About this exercise ::
Please retype the data in full, exactly as given.

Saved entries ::
★ ★ ★ ★ ★ ★ ★
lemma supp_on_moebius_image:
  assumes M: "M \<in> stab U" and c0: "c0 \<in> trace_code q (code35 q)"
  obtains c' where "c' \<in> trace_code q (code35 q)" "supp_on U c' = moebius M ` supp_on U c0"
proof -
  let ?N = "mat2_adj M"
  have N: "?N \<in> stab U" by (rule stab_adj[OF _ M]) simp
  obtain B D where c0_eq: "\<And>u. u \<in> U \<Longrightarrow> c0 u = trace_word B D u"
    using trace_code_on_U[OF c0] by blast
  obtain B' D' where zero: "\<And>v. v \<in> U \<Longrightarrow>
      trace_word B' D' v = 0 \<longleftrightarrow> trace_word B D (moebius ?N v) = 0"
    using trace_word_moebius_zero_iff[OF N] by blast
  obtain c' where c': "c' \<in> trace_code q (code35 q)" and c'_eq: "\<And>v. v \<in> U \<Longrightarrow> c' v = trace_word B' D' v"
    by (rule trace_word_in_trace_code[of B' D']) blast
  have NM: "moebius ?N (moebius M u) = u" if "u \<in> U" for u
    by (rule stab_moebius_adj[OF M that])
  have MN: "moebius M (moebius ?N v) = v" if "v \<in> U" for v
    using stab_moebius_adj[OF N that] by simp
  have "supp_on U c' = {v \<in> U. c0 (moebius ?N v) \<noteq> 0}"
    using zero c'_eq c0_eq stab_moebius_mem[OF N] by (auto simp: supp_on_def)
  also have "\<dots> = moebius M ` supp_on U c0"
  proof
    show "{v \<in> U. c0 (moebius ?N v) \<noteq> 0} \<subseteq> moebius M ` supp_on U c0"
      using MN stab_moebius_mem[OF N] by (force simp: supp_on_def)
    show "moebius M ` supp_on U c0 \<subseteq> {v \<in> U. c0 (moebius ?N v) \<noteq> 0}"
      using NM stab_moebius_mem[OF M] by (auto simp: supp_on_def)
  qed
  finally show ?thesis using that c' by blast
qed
★ ★ ★ ★ ★ ★ ★
Response ::
lemma supp_on_moebius_image:
  assumes M: "M \<in> stab U" and c0: "c0 \<in> trace_code q (code35 q)"
  obtains c' where "c' \<in> trace_code q (code35 q)" "supp_on U c' = moebius M ` supp_on U c0"
proof -
  let ?N = "mat2_adj M"
  have N: "?N \<in> stab U" by (rule stab_adj[OF _ M]) simp
  obtain B D where c0_eq: "\<And>u. u \<in> U \<Longrightarrow> c0 u = trace_word B D u"
    using trace_code_on_U[OF c0] by blast
  obtain B' D' where zero: "\<And>v. v \<in> U \<Longrightarrow>
      trace_word B' D' v = 0 \<longleftrightarrow> trace_word B D (moebius ?N v) = 0"
    using trace_word_moebius_zero_iff[OF N] by blast
  obtain c' where c': "c' \<in> trace_code q (code35 q)" and c'_eq: "\<And>v. v \<in> U \<Longrightarrow> c' v = trace_word B' D' v"
    by (rule trace_word_in_trace_code[of B' D']) blast
  have NM: "moebius ?N (moebius M u) = u" if "u \<in> U" for u
    by (rule stab_moebius_adj[OF M that])
  have MN: "moebius M (moebius ?N v) = v" if "v \<in> U" for v
    using stab_moebius_adj[OF N that] by simp
  have "supp_on U c' = {v \<in> U. c0 (moebius ?N v) \<noteq> 0}"
    using zero c'_eq c0_eq stab_moebius_mem[OF N] by (auto simp: supp_on_def)
  also have "\<dots> = moebius M ` supp_on U c0"
  proof
    show "{v \<in> U. c0 (moebius ?N v) \<noteq> 0} \<subseteq> moebius M ` supp_on U c0"
      using MN stab_moebius_mem[OF N] by (force simp: supp_on_def)
    show "moebius M ` supp_on U c0 \<subseteq> {v \<in> U. c0 (moebius ?N v) \<noteq> 0}"
      using NM stab_moebius_mem[OF M] by (auto simp: supp_on_def)
  qed
  finally show ?thesis using that c' by blast
qed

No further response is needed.